Continuing the food theme is Nishiki Market. Stretching for five blocks, the narrow width of this street is dedicated to food in all its forms – with the establishments that run along it switching between restaurants, kitchen stores, and market stalls. Offering up an insight into Kyoto culture, arrive with an empty stomach to make the most of your visit, and don’t be afraid to speak to the stallholders, many of whom offer up free samples of regional specialities including pickles, sweets, and sushi.

5. Kyoto Railway Museum

One of the city’s newest attractions, Kyoto Railway Museum was opened in 2016. It’s three floors of exhibits include 53 locomotives dating from the earliest days of rail transportation in Japan to the bullet trains which Kyoto is famous for alongside many of Japan’s other cities.

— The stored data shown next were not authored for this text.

(* For any $n$-qubit pure state $\ket{\psi}$, $\Lambda_{\max}(\ket{\psi})\le\sqrt{1-\frac{\mathcal{C}(\ket{\psi})^2}{2}}$, and hence $E_g(\ket{\psi})\ge\frac{\mathcal{C}(\ket{\psi})^2}{2}$.
   Context: $\Lambda_{\max}(\ket{\psi})=\max|\langle\phi|\psi\rangle|$, the maximum over fully product states $\ket{\phi}=\bigotimes_{i=1}^n\ket{a_i}$ of single-qubit pure states; the geometric measure of entanglement is $E_g(\ket{\psi})=1-\Lambda_{\max}(\ket{\psi})^2$. $\mathcal{C}(\ket{\psi})=1-\frac{1}{2^{n}}\sum_{\alpha\subseteq [n]}\mathrm{Tr}[\rho_\alpha^2]$, with $\rho_\alpha$ the reduced state on $\alpha$ and $\mathrm{Tr}[\rho_\emptyset^2]=1$. *)

theory Defs
  imports "HOL-Analysis.Analysis"
begin

text \<open>An n-qubit state is a function from computational basis labels to amplitudes.
  A basis label is a subset S of {0..<n}: the set of qubits in state |1>.
  Only the values on Pow {0..<n} matter.\<close>

type_synonym qstate = "nat set \<Rightarrow> complex"

definition normalized :: "nat \<Rightarrow> qstate \<Rightarrow> bool" where
  "normalized n \<psi> \<longleftrightarrow> (\<Sum>S\<in>Pow {0..<n}. (cmod (\<psi> S))\<^sup>2) = 1"

definition product_amp :: "nat \<Rightarrow> (nat \<Rightarrow> complex) \<Rightarrow> (nat \<Rightarrow> complex) \<Rightarrow> qstate" where
  "product_amp n a0 a1 S = (\<Prod>i\<in>{0..<n}. if i \<in> S then a1 i else a0 i)"

definition inner_q :: "nat \<Rightarrow> qstate \<Rightarrow> qstate \<Rightarrow> complex" where
  "inner_q n \<phi> \<psi> = (\<Sum>S\<in>Pow {0..<n}. cnj (\<phi> S) * \<psi> S)"
(* With $C$, $C^0=C\setminus C(\mathbb F_{p^2})$ and $\mathrm{End}(t)=\{A\in\mathrm{Mat}_3(\mathbb F_{p^2}):A\cdot t\in k\cdot t\}$ for $t\in C^0(k)$ (viewed as a column vector), one has \[\{t\in C^0(k):\mathrm{End}(t)\simeq\mathbb F_{p^6}\}=C^0(\mathbb F_{p^6}).\]
   Context: $k$ is algebraically closed of characteristic $p$ and $C\subset\mathbb P^2$ is the Fermat curve $X_1^{p+1}+X_2^{p+1}+X_3^{p+1}=0$. *)

theory Defs
  imports "HOL-Analysis.Analysis" "HOL-Computational_Algebra.Polynomial"
begin

definition alg_closed :: "'a::field itself \<Rightarrow> bool" where
  "alg_closed _ \<longleftrightarrow> (\<forall>q::'a poly. degree q > 0 \<longrightarrow> (\<exists>x. poly q x = 0))"

text \<open>The subfield F_q of k (for q a power of the characteristic).\<close>
definition Fq :: "nat \<Rightarrow> 'a::field set" where
  "Fq q = {x. x ^ q = x}"

text \<open>Points of P^2 are represented by nonzero vectors in k^3.
  The projective point of t is F_q-rational iff some representative has coordinates in F_q.\<close>
definition rational_pt :: "nat \<Rightarrow> 'a::field ^ 3 \<Rightarrow> bool" where
  "rational_pt q t \<longleftrightarrow> (\<exists>c. c \<noteq> 0 \<and> (\<forall>i. c * t $ i \<in> Fq q))"

definition on_fermat :: "nat \<Rightarrow> 'a::field ^ 3 \<Rightarrow> bool" where
  "on_fermat p t \<longleftrightarrow> t \<noteq> 0 \<and> (\<Sum>i\<in>UNIV. (t $ i) ^ (p + 1)) = 0"

definition C0 :: "nat \<Rightarrow> 'a::field ^ 3 \<Rightarrow> bool" where
  "C0 p t \<longleftrightarrow> on_fermat p t \<and> \<not> rational_pt (p ^ 2) t"

definition End_t :: "nat \<Rightarrow> 'a::field ^ 3 \<Rightarrow> ('a ^ 3 ^ 3) set" where
  "End_t p t = {A. (\<forall>i j. A $ i $ j \<in> Fq (p ^ 2)) \<and> (\<exists>c. A *v t = c *s t)}"

definition ring_iso_to :: "('a::field ^ 3 ^ 3) set \<Rightarrow> 'a set \<Rightarrow> bool" where
  "ring_iso_to R S \<longleftrightarrow> (\<exists>\<phi>. bij_betw \<phi> R S \<and>
     (\<forall>A\<in>R. \<forall>B\<in>R. \<phi> (A + B) = \<phi> A + \<phi> B \<and> \<phi> (A ** B) = \<phi> A * \<phi> B))"

end

theory Submission
  imports Defs "HOL-Computational_Algebra.Primes"
begin

text \<open>
  Write F for the coordinatewise p-th power map on k^3. A matrix A with entries in F_{p^2}
  commutes with F^2, so from A t = c t one gets A (F^{2i} t) = c^{p^{2i}} F^{2i} t.

  If End(t) is isomorphic to F_{p^6}, it is a field; hence a nonzero element of End(t) does not
  kill t, an element of End(t) is determined by its eigenvalue on t, and all these eigenvalues lie
  in F_{p^6}. The preimage of an element of F_{p^6} - F_{p^2} is then an A whose eigenvalue c has
  three distinct conjugates c, c^{p^2}, c^{p^4}. So t, F^2 t, F^4 t are eigenvectors for distinct
  eigenvalues, hence a basis, and F^6 t, again an eigenvector for c, is proportional to t: the
  point is F_{p^6}-rational.

  Conversely, normalise t so that F^6 t = t. The Fermat equation says that t is orthogonal to F t,
  so consecutive vectors of the orbit F^j t are orthogonal; together with t not being
  F_{p^2}-rational this forces t, F^2 t, F^4 t to be a basis. A matrix then lies in End(t) iff it
  is diagonal in this basis with eigenvalues c, c^{p^2}, c^{p^4} for some c in F_{p^6}, and the
  eigenvalue map A \<mapsto> c is the isomorphism.
\<close>

section \<open>Vector algebra in k^3\<close>

definition cross_prod :: "'a::comm_ring_1 ^ 3 \<Rightarrow> 'a ^ 3 \<Rightarrow> 'a ^ 3" where
  "cross_prod x y = vector [x$2 * y$3 - x$3 * y$2, x$3 * y$1 - x$1 * y$3, x$1 * y$2 - x$2 * y$1]"

definition dot_prod :: "'a::comm_semiring_0 ^ 'n \<Rightarrow> 'a ^ 'n \<Rightarrow> 'a" where
  "dot_prod x y = (\<Sum>i\<in>UNIV. x$i * y$i)"

definition triple_prod :: "'a::comm_ring_1 ^ 3 \<Rightarrow> 'a ^ 3 \<Rightarrow> 'a ^ 3 \<Rightarrow> 'a" where
  "triple_prod x y z = dot_prod x (cross_prod y z)"

lemma cross_prod_component [simp]:
  "cross_prod x y $ 1 = x$2 * y$3 - x$3 * y$2"
  "cross_prod x y $ 2 = x$3 * y$1 - x$1 * y$3"
  "cross_prod x y $ 3 = x$1 * y$2 - x$2 * y$1"
  by (simp_all add: cross_prod_def)

lemma matrix_vector_mult_3:
  fixes M :: "'a::semiring_1 ^ 3 ^ 'm"
  shows "(M *v v) $ i = M$i$1 * v$1 + M$i$2 * v$2 + M$i$3 * v$3"
  by (simp add: matrix_vector_mult_def sum_3)

lemmas vec3_expand = vec_eq_iff forall_3 sum_3 dot_prod_def triple_prod_def matrix_vector_mult_3
  vector_smult_component vector_add_component vector_minus_component

lemma cross_prod_0 [simp]: "cross_prod 0 y = 0" "cross_prod x 0 = 0"
  by (simp_all add: vec3_expand)

lemma dot_prod_0 [simp]: "dot_prod 0 y = 0" "dot_prod x 0 = 0"
  by (simp_all add: dot_prod_def)

lemma dot_prod_commute: "dot_prod x y = dot_prod y x"
  by (simp add: dot_prod_def mult.commute)

lemma dot_prod_add_smult_right:
  "dot_prod z (a *s x + b *s y) = a * dot_prod z x + b * dot_prod z y"
  by (simp add: dot_prod_def algebra_simps sum.distrib sum_distrib_left)

lemma cross_prod_cross_prod:
  "cross_prod (cross_prod x y) v = dot_prod x v *s y - dot_prod y v *s (x :: 'a::comm_ring_1^3)"
  by (simp add: vec3_expand algebra_simps)

lemma triple_prod_cyclic: "triple_prod x y z = triple_prod y z x"
  by (simp add: vec3_expand algebra_simps)

lemma triple_prod_repeated [simp]:
  "triple_prod x x z = 0" "triple_prod x y x = 0" "triple_prod x y y = 0"
  by (simp_all add: vec3_expand algebra_simps)

lemma triple_prod_expansion:
  "triple_prod x y z *s v = triple_prod v y z *s x + triple_prod x v z *s y + triple_prod x y v *s z"
  for x y z v :: "'a::comm_ring_1^3"
  by (simp add: vec3_expand algebra_simps)

lemma cross_prod_smult_smult: "cross_prod (a *s x) (b *s x) = 0"
  by (simp add: vec3_expand algebra_simps)

lemma cross_prod_eq_0_imp_parallel:
  fixes x y :: "'a::field^3"
  assumes "x \<noteq> 0" "cross_prod x y = 0"
  shows "\<exists>l. y = l *s x"
proof -
  from assms(2) have e: "x$2 * y$3 = x$3 * y$2" "x$3 * y$1 = x$1 * y$3" "x$1 * y$2 = x$2 * y$1"
    by (auto simp: vec3_expand)
  from assms(1) obtain i where i: "x$i \<noteq> 0" by (auto simp: vec_eq_iff)
  have "y = (y$i / x$i) *s x"
    using i e exhaust_3[of i] by (auto simp: vec3_expand field_simps)
  then show ?thesis by blast
qed

lemma independent_if_cross_prod_nonzero:
  fixes x y :: "'a::field^3"
  assumes "cross_prod x y \<noteq> 0" "a *s x + b *s y = 0"
  shows "a = 0" "b = 0"
proof -
  have "cross_prod (a *s x + b *s y) y = a *s cross_prod x y"
       "cross_prod x (a *s x + b *s y) = b *s cross_prod x y"
    by (simp_all add: vec3_expand algebra_simps)
  then show "a = 0" "b = 0" using assms by auto
qed

lemma parallel_cross_prod_if_orthogonal:
  fixes x y v :: "'a::field^3"
  assumes "cross_prod x y \<noteq> 0" "dot_prod x v = 0" "dot_prod y v = 0"
  shows "\<exists>l. v = l *s cross_prod x y"
  using cross_prod_eq_0_imp_parallel[OF assms(1)] cross_prod_cross_prod[of x y v] assms by simp

lemma cross_prod_eq_0_if_orthogonal:
  fixes x y v w :: "'a::field^3"
  assumes "cross_prod x y \<noteq> 0"
    and "dot_prod x v = 0" "dot_prod y v = 0" "dot_prod x w = 0" "dot_prod y w = 0"
  shows "cross_prod v w = 0"
  using parallel_cross_prod_if_orthogonal[OF assms(1)] assms(2-5) cross_prod_smult_smult by metis

lemma independent_if_triple_prod_nonzero:
  fixes x y z :: "'a::field^3"
  assumes "triple_prod x y z \<noteq> 0" "a *s x + b *s y + c *s z = 0"
  shows "a = 0" "b = 0" "c = 0"
proof -
  have "triple_prod (a *s x + b *s y + c *s z) y z = a * triple_prod x y z"
       "triple_prod x (a *s x + b *s y + c *s z) z = b * triple_prod x y z"
       "triple_prod x y (a *s x + b *s y + c *s z) = c * triple_prod x y z"
    by (simp_all add: vec3_expand algebra_simps)
  then show "a = 0" "b = 0" "c = 0" using assms by (auto simp: triple_prod_def)
qed

lemma in_span_if_triple_prod_eq_0:
  fixes x y z :: "'a::field^3"
  assumes "cross_prod x y \<noteq> 0" "triple_prod x y z = 0"
  shows "\<exists>a b. z = a *s x + b *s y"
proof -
  obtain i where i: "cross_prod x y $ i \<noteq> 0"
    using assms(1) by (auto simp: vec_eq_iff)
  define w :: "'a^3" where "w = axis i 1"
  have w: "triple_prod x y w \<noteq> 0"
    using i exhaust_3[of i] by (auto simp: w_def axis_def vec3_expand algebra_simps)
  have "triple_prod x y w *s z = triple_prod z y w *s x + triple_prod x z w *s y"
    using triple_prod_expansion[of x y w z] triple_prod_cyclic[of x y z] assms(2) by simp
  then have "z = (triple_prod z y w / triple_prod x y w) *s x + (triple_prod x z w / triple_prod x y w) *s y"
    using w by (simp add: vec_eq_iff field_simps)
  then show ?thesis by blast
qed
(* Let $X$ be a uniformly locally finite metric space and $h$ a coarse operator on $\ell_2(X)$. If $\xi\in\mathrm{dom}(h)$, then \[ h\xi=\sum_{x\in X}\langle\xi,\delta_x\rangle h\delta_x \] (the series converging in norm). Consequently, $h$ is admissible.
   Context: Uniformly locally finite: $\sup_x|B_r(x)|<\infty$ for all $r>0$. $(\delta_x)$ canonical basis of $\ell_2(X)$, $c_{00}(X)$ finitely supported vectors. A partial translation is a bijection $f\colon\mathrm{dom}(f)\subseteq X\to\mathrm{ran}(f)\subseteq X$ with $\sup_{x}d(x,f(x))<\infty$; $v_f\delta_x=\delta_{f(x)}$ on $\mathrm{dom}(f)$, $0$ elsewhere. A closed operator $h$ is a coarse operator if $v_f(\mathrm{dom}(h))\subseteq\mathrm{dom}(h)$ and $hv_f-v_fh$ is bounded on $\mathrm{dom}(h)$ for every partial translation $f$. An operator $h$ is admissible if it is closed, $c_{00}(X)\subseteq\mathrm{dom}(h)$, and $h\xi=\sum_y\langle\xi,\delta_y\rangle h\delta_y$ for all $\xi\in\mathrm{dom}(h)$. *)

theory Defs
  imports "HOL-Analysis.Analysis" "HOL-Library.Function_Algebras"
begin

text \<open>The metric space X is the universe of a type of class metric_space.
  Vectors of l2(X) are functions X => complex with square-summable modulus.\<close>

definition uniformly_locally_finite :: "'a::metric_space itself \<Rightarrow> bool" where
  "uniformly_locally_finite _ \<longleftrightarrow>
     (\<forall>r>0. \<exists>N::nat. \<forall>x::'a. finite (ball x r) \<and> card (ball x r) \<le> N)"

definition l2 :: "('a \<Rightarrow> complex) set" where
  "l2 = {\<xi>. (\<lambda>x. (cmod (\<xi> x))\<^sup>2) summable_on UNIV}"

definition l2_norm :: "('a \<Rightarrow> complex) \<Rightarrow> real" where
  "l2_norm \<xi> = sqrt (infsum (\<lambda>x. (cmod (\<xi> x))\<^sup>2) UNIV)"

definition l2_inner :: "('a \<Rightarrow> complex) \<Rightarrow> ('a \<Rightarrow> complex) \<Rightarrow> complex" where
  "l2_inner \<xi> \<eta> = infsum (\<lambda>x. \<xi> x * cnj (\<eta> x)) UNIV"

definition delta :: "'a \<Rightarrow> ('a \<Rightarrow> complex)" where
  "delta x = (\<lambda>y. if y = x then 1 else 0)"

definition c00 :: "('a \<Rightarrow> complex) set" where
  "c00 = {\<xi>. finite {x. \<xi> x \<noteq> 0}}"

definition l2_has_sum :: "('a \<Rightarrow> ('b \<Rightarrow> complex)) \<Rightarrow> ('b \<Rightarrow> complex) \<Rightarrow> bool" where
  "l2_has_sum v s \<longleftrightarrow>
     (\<forall>e>0. \<exists>F. finite F \<and>
        (\<forall>G. finite G \<and> F \<subseteq> G \<longrightarrow> l2_norm (s - (\<Sum>x\<in>G. v x)) < e))"

definition closed_operator :: "('a \<Rightarrow> complex) set \<Rightarrow> (('a \<Rightarrow> complex) \<Rightarrow> ('a \<Rightarrow> complex)) \<Rightarrow> bool" where
  "closed_operator D h \<longleftrightarrow>
     D \<subseteq> l2 \<and> h ` D \<subseteq> l2 \<and>
     0 \<in> D \<and> (\<forall>\<xi>\<in>D. \<forall>\<eta>\<in>D. \<xi> + \<eta> \<in> D) \<and> (\<forall>c. \<forall>\<xi>\<in>D. (\<lambda>x. c * \<xi> x) \<in> D) \<and>
     (\<forall>\<xi>\<in>D. \<forall>\<eta>\<in>D. h (\<xi> + \<eta>) = h \<xi> + h \<eta>) \<and>
     (\<forall>c. \<forall>\<xi>\<in>D. h (\<lambda>x. c * \<xi> x) = (\<lambda>x. c * h \<xi> x)) \<and>
     (\<forall>\<xi>\<in>l2. \<forall>e>0. \<exists>\<eta>\<in>D. l2_norm (\<xi> - \<eta>) < e) \<and>
     (\<forall>s \<xi> \<eta>. (\<forall>n. s n \<in> D) \<and> \<xi> \<in> l2 \<and> \<eta> \<in> l2 \<and>
        ((\<lambda>n. l2_norm (s n - \<xi>)) \<longlonglongrightarrow> 0) \<and>
        ((\<lambda>n. l2_norm (h (s n) - \<eta>)) \<longlonglongrightarrow> 0)
        \<longrightarrow> \<xi> \<in> D \<and> h \<xi> = \<eta>)"

definition partial_translation :: "'a::metric_space set \<Rightarrow> ('a \<Rightarrow> 'a) \<Rightarrow> bool" where
  "partial_translation A f \<longleftrightarrow> inj_on f A \<and> (\<exists>C. \<forall>x\<in>A. dist x (f x) \<le> C)"

text \<open>v_f delta_x = delta_(f x) for x in A, 0 otherwise\<close>
definition vf :: "'a set \<Rightarrow> ('a \<Rightarrow> 'a) \<Rightarrow> ('a \<Rightarrow> complex) \<Rightarrow> ('a \<Rightarrow> complex)" where
  "vf A f \<xi> = (\<lambda>y. if y \<in> f ` A then \<xi> (inv_into A f y) else 0)"

definition coarse_operator :: "('a::metric_space \<Rightarrow> complex) set \<Rightarrow> (('a \<Rightarrow> complex) \<Rightarrow> ('a \<Rightarrow> complex)) \<Rightarrow> bool" where
  "coarse_operator D h \<longleftrightarrow> closed_operator D h \<and>
     (\<forall>A f. partial_translation A f \<longrightarrow>
        vf A f ` D \<subseteq> D \<and>
        (\<exists>C. \<forall>\<xi>\<in>D. l2_norm (h (vf A f \<xi>) - vf A f (h \<xi>)) \<le> C * l2_norm \<xi>))"

definition admissible :: "('a \<Rightarrow> complex) set \<Rightarrow> (('a \<Rightarrow> complex) \<Rightarrow> ('a \<Rightarrow> complex)) \<Rightarrow> bool" where
  "admissible D h \<longleftrightarrow> closed_operator D h \<and> c00 \<subseteq> D \<and>
     (\<forall>\<xi>\<in>D. l2_has_sum (\<lambda>y. (\<lambda>z. l2_inner \<xi> (delta y) * h (delta y) z)) (h \<xi>))"

end

theory Submission
  imports Defs
begin

(* For A \<subseteq> X the projection P_A is v_f for the identity partial translation on A, so each
   commutator [h, P_A] is bounded. A gliding hump argument makes the bound uniform in A: otherwise
   finitely supported test vectors with "humps" A_k beyond everything chosen before would make
   [h, P_A] unbounded for A the union of all humps.
   Given a uniform bound K and a finite F, for every finite G \<supseteq> F
     h \<xi> - h (P_G \<xi>) = h (P_(X-G) \<xi>) = P_(X-G) h \<xi> - P_(X-G) h (P_F \<xi>) + [h, P_(X-G)] P_(X-F) \<xi>,
   two tails of fixed vectors plus a term of norm at most K \<parallel>P_(X-F) \<xi>\<parallel>, all small once F is
   large. Finally h (P_G \<xi>) = \<Sum>x\<in>G. \<xi> x h \<delta>_x, as \<delta>_x \<in> dom h by density. *)

section \<open>Square-summable functions\<close>

definition proj :: "'a set \<Rightarrow> ('a \<Rightarrow> complex) \<Rightarrow> ('a \<Rightarrow> complex)" where
  "proj A v = (\<lambda>y. if y \<in> A then v y else 0)"

lemma l2_norm_nonneg: "0 \<le> l2_norm v"
  unfolding l2_norm_def by (simp add: infsum_nonneg)

lemma l2_norm_squared: "(l2_norm v)\<^sup>2 = infsum (\<lambda>x. (cmod (v x))\<^sup>2) UNIV"
  unfolding l2_norm_def by (simp add: infsum_nonneg)

lemma
  assumes "v \<in> l2"
  shows proj_in_l2: "proj A v \<in> l2"
    and l2_norm_proj_squared: "(l2_norm (proj A v))\<^sup>2 = infsum (\<lambda>x. (cmod (v x))\<^sup>2) A"
proof -
  have "(\<lambda>x. (cmod (v x))\<^sup>2) summable_on A"
    using assms unfolding l2_def mem_Collect_eq by (rule summable_on_subset) simp
  moreover have "(\<lambda>x. (cmod (proj A v x))\<^sup>2) summable_on UNIV \<longleftrightarrow> (\<lambda>x. (cmod (v x))\<^sup>2) summable_on A"
    by (rule summable_on_cong_neutral) (auto simp: proj_def)
  ultimately show "proj A v \<in> l2"
    by (simp add: l2_def)
  have "infsum (\<lambda>x. (cmod (proj A v x))\<^sup>2) UNIV = infsum (\<lambda>x. (cmod (v x))\<^sup>2) A"
    by (rule infsum_cong_neutral) (auto simp: proj_def)
  then show "(l2_norm (proj A v))\<^sup>2 = infsum (\<lambda>x. (cmod (v x))\<^sup>2) A"
    by (simp add: l2_norm_squared)
qed

lemma
  assumes "finite U"
  shows proj_finite_in_l2: "proj U v \<in> l2"
    and l2_norm_proj_finite: "l2_norm (proj U v) = L2_set (\<lambda>y. cmod (v y)) U"
proof -
  have "(\<lambda>x. (cmod (proj U v x))\<^sup>2) summable_on UNIV \<longleftrightarrow> (\<lambda>x. (cmod (v x))\<^sup>2) summable_on U"
    by (rule summable_on_cong_neutral) (auto simp: proj_def)
  with assms show "proj U v \<in> l2"
    by (simp add: l2_def)
  have "infsum (\<lambda>x. (cmod (proj U v x))\<^sup>2) UNIV = infsum (\<lambda>x. (cmod (v x))\<^sup>2) U"
    by (rule infsum_cong_neutral) (auto simp: proj_def)
  with assms show "l2_norm (proj U v) = L2_set (\<lambda>y. cmod (v y)) U"
    by (simp add: l2_norm_def L2_set_def)
qed

lemma L2_set_le_l2_norm:
  assumes "v \<in> l2"
  shows "L2_set (\<lambda>y. cmod (v y)) E \<le> l2_norm v"
proof (cases "finite E")
  case True
  have "(L2_set (\<lambda>y. cmod (v y)) E)\<^sup>2 = infsum (\<lambda>x. (cmod (v x))\<^sup>2) E"
    using True by (simp add: L2_set_def sum_nonneg)
  also have "\<dots> \<le> infsum (\<lambda>x. (cmod (v x))\<^sup>2) UNIV"
    using assms True by (intro infsum_mono2) (auto simp: l2_def)
  also have "\<dots> = (l2_norm v)\<^sup>2"
    by (rule l2_norm_squared[symmetric])
  finally show ?thesis
    by (rule power2_le_imp_le[OF _ l2_norm_nonneg])
qed (simp add: l2_norm_nonneg)

lemma cmod_le_l2_norm: "v \<in> l2 \<Longrightarrow> cmod (v x) \<le> l2_norm v"
  using L2_set_le_l2_norm[of v "{x}"] by simp

lemma
  assumes "\<And>E. finite E \<Longrightarrow> L2_set (\<lambda>y. cmod (v y)) E \<le> B"
  shows in_l2_if_L2_set_bounded: "v \<in> l2"
    and l2_norm_le_if_L2_set_bounded: "l2_norm v \<le> B"
proof -
  have sum_le: "(\<Sum>y\<in>E. (cmod (v y))\<^sup>2) \<le> B\<^sup>2" if "finite E" for E
  proof -
    have "(\<Sum>y\<in>E. (cmod (v y))\<^sup>2) = (L2_set (\<lambda>y. cmod (v y)) E)\<^sup>2"
      by (simp add: L2_set_def sum_nonneg)
    also have "\<dots> \<le> B\<^sup>2"
      using assms[OF that] by (simp add: power_mono)
    finally show ?thesis .
  qed
  have summable: "(\<lambda>x. (cmod (v x))\<^sup>2) summable_on UNIV"
    using sum_le by (intro nonneg_bdd_above_summable_on bdd_aboveI[where M = "B\<^sup>2"]) auto
  then show "v \<in> l2"
    by (simp add: l2_def)
  have "(l2_norm v)\<^sup>2 \<le> B\<^sup>2"
    unfolding l2_norm_squared using summable sum_le by (intro infsum_le_finite_sums) auto
  moreover have "0 \<le> B"
    using assms[of "{}"] by simp
  ultimately show "l2_norm v \<le> B"
    by (rule power2_le_imp_le)
qed

lemma L2_set_cmod_triangle:
  assumes "\<And>y. y \<in> E \<Longrightarrow> cmod (w y) \<le> cmod (u y) + cmod (v y)"
  shows "L2_set (\<lambda>y. cmod (w y)) E \<le> L2_set (\<lambda>y. cmod (u y)) E + L2_set (\<lambda>y. cmod (v y)) E"
proof -
  have "L2_set (\<lambda>y. cmod (w y)) E \<le> L2_set (\<lambda>y. cmod (u y) + cmod (v y)) E"
    using assms by (intro L2_set_mono) auto
  also have "\<dots> \<le> L2_set (\<lambda>y. cmod (u y)) E + L2_set (\<lambda>y. cmod (v y)) E"
    by (rule L2_set_triangle_ineq)
  finally show ?thesis .
qed

lemma L2_set_subset_le: "finite U \<Longrightarrow> E \<subseteq> U \<Longrightarrow> L2_set f E \<le> L2_set f U"
  unfolding L2_set_def by (intro real_sqrt_le_mono sum_mono2) auto

lemma
  assumes "u \<in> l2" "v \<in> l2" "\<And>y. cmod (w y) \<le> cmod (u y) + cmod (v y)"
  shows in_l2_if_pointwise_le: "w \<in> l2"
    and l2_norm_le_if_pointwise_le: "l2_norm w \<le> l2_norm u + l2_norm v"
proof -
  have "L2_set (\<lambda>y. cmod (w y)) E \<le> l2_norm u + l2_norm v" for E
  proof -
    have "L2_set (\<lambda>y. cmod (w y)) E \<le> L2_set (\<lambda>y. cmod (u y)) E + L2_set (\<lambda>y. cmod (v y)) E"
      using assms(3) by (rule L2_set_cmod_triangle)
    also have "\<dots> \<le> l2_norm u + l2_norm v"
      using assms(1,2) by (intro add_mono L2_set_le_l2_norm)
    finally show ?thesis .
  qed
  then show "w \<in> l2" "l2_norm w \<le> l2_norm u + l2_norm v"
    by (rule in_l2_if_L2_set_bounded, rule l2_norm_le_if_L2_set_bounded)
qed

Children will enjoy the expansive model railway, and the virtual reality train driving experience, while every visitor will find a smile crossing their face on the ten-minute steam train journey that can be taken at the museum for a small additional fee.

6. Nijo Castle

One of the finest structures you’ll find in Kyoto from the earliest days of the Edo Period, which lasted from 1603 to 1867, Nijo Castle was designated a UNESCO World Heritage Site in 1994. It is said to be one of the finest examples of such a structure from the feudal period of Japan’s history, and another example of what Kyoto is famous for. Surrounded by stout stone walls and deep moats, at the castle’s heart lies Ninomaru Palace, where the shogun who built the castle lived, with beautifully-crafted interiors connected by a series of corridors.

7. Kyoto National Museum

This museum has been at the forefront of preserving Kyoto’s history since it first opened in 1897, making it one of the oldest museums anywhere in Japan. The stunning original main building, which wouldn’t look out of place as a royal palace somewhere in northern Europe, is now home to the temporary exhibition space. The permanent collection has been moved to a state of the art structure opened in 2014 to a by Yoshio Taniguchi, the Japanese architect actually best known for his redesign of New York’s Museum of Modern Art. Inside, the collections focus on pieces from Japan’s main medieval period – the Heian – and houses 12,000 objects, half of which are on display at any one time.

8. Nanzenji Temple

One of Japan’s most important Zen Buddhist temples, Nanzenji was built in the thirteenth century as the retirement home for Emperor Kameyama before being converted into a religious building. The oldest of the surviving series of structures dates to the late 1500s, attracting both local and international tourists. Soaring over the treetops, one of the complexes most impressive structures in the mighty Sanmon Gate, constructed in 1628, which offers good overviews of the temples from its balcony.

9. Fushimi

What could be more Japanese than Fushimi, Kyoto’s sake district? Built around the banks of the Horikawa River to the south of the city centre (since the distilleries use the highly-regarded waters that flow past them), Fushimi boasts an impressive 40 – mainly traditional – breweries. Several are open to the public to explore how the rice wine is made, as well as providing tastings, but even if you aren’t a drinker it’s worth the short trip south in order to admire the wonderful wood and plaster buildings that typify the area.

10. Gion Matsuri

Gion Matsuri, or the Yasaka Shrine Festival, is a major festival that extends across much of July, with events coming to a head with an evening procession through the streets on July 16, and a huge parade of floats the following day. Standing up to 25 metres high, weighing 12 tons, and hauled by residents pulling on thick ropes, these floats are intricately decorated with traditional designs. But even more impressive if the fact that this celebration is believed to date back to 869 AD, in an attempt to end a disease epidemic by appeasing the gods.

What is Kyoto famous for? Final thoughts

If you were asking ‘what is Kyoto famous for’ before reading this article, hopefully you’ve already had your question answered! One of Japan’s most historic cities, having escaped much of the damage caused by the Second World War, there are a wide array of attractions to keep visitors intrigued and entertained in equal measure.